Mexico City by Night doesn't have any obvious drug trade references, and I don't feel like actually reading the book. Here's what WhiteWolfWiki says about Mexico:
Mexico is the true seat of power for the Sabbat. Here the sect holds almost absolute sovereignty. While the Camarilla holds some sway over the Yucatan Peninsula, the sect's influence is fading fast; only the < Camarilla's vast wealth allows it any influence at all in Mexico.

But while the Sabbat holds near-total political dominance of the region, the Camarilla's use of money as a weapon has taken a powerful toll on Mexico. Before the Sabbat wrested complete control of the area, the American dollar and the Mexican peso were fairly well balanced in value. However, the Camarilla has worked diligently to ensure the decline of the peso's financial power. Over the years, the powerful seat of the Sabbat has been sucked nearly as dry as a vampire's victim. Rampant political corruption and electoral fraud only add to the malaise.

Recent Sabbat attempts to bring about a more concentrated source of power in the area have failed, despite the best plans the sect could design. NAFTA (North American Free Trade Agreement), the carefully proposed plan conceived by the U.S., Canada and Mexico, has so far proved ineffectual, despite the Lasombra's hopes.

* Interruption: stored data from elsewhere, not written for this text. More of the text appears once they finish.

(* Assume (A-2). Then the following hold. (a) For every $\gamma>0$ there exists a unique $\xi(\gamma)\in(0,1/b(0))$ satisfying $$\int_0^\gamma\Big(\frac{b(x)\xi(\gamma)}{1-b(x)\xi(\gamma)}\Big)^2dx=1.$$ The map $\gamma\mapsto\xi(\gamma)$ on $(0,\infty)$ is non-increasing and continuous. (b) There exists a unique $\xi(\infty)\in(0,1/b(0))$ satisfying $\int_0^\infty\big(\frac{b(x)\xi(\infty)}{1-b(x)\xi(\infty)}\big)^2dx=1$, and $\lim_{\gamma\to\infty}\xi(\gamma)=\xi(\infty)$. (c) $\lim_{\gamma\to\infty}\psi\big(1/\xi(\gamma)\big)=\psi\big(1/\xi(\infty)\big)$.
   Context: Assumption (A-2): $b:[0,\infty)\to[0,\infty)$ is non-increasing, satisfies $b(0)>0$, is Lipschitz continuous at $0$, and satisfies $\int_0^\infty b(x)\,dx<\infty$. For $y>b(0)$, set $\psi(y)=y\big(1+\int_0^\infty\frac{b(x)}{y-b(x)}\,dx\big)$. *)

theory Defs
  imports "HOL-Analysis.Analysis"
begin

definition assumption_A2 :: "(real \<Rightarrow> real) \<Rightarrow> bool" where
  "assumption_A2 b \<longleftrightarrow>
     (\<forall>x\<ge>0. b x \<ge> 0) \<and>
     (\<forall>x y. 0 \<le> x \<longrightarrow> x \<le> y \<longrightarrow> b y \<le> b x) \<and>
     b 0 > 0 \<and>
     (\<exists>L \<delta>. \<delta> > 0 \<and> (\<forall>x\<in>{0..\<delta>}. \<bar>b x - b 0\<bar> \<le> L * x)) \<and>
     b integrable_on {0..}"

definition xi_integrand :: "(real \<Rightarrow> real) \<Rightarrow> real \<Rightarrow> real \<Rightarrow> real" where
  "xi_integrand b \<xi> x = (b x * \<xi> / (1 - b x * \<xi>))^2"

definition xi_eq :: "(real \<Rightarrow> real) \<Rightarrow> real set \<Rightarrow> real \<Rightarrow> bool" where
  "xi_eq b S \<xi> \<longleftrightarrow> \<xi> \<in> {0<..<1 / b 0} \<and> (xi_integrand b \<xi> has_integral 1) S"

The kine of Mexico are largely opposed to the NAFTA agreement, and a combination of kine corruption and Camarilla manipulation has undermined the planned fiscal resurgence of the Mexican peso. Despite the sheer numbers of Sabbat vampires in Mexico, the Camarilla has managed to keep the sect from expanding, at least on one front, while increasing its own wealth by taking advantage of the new NAFTA regulations.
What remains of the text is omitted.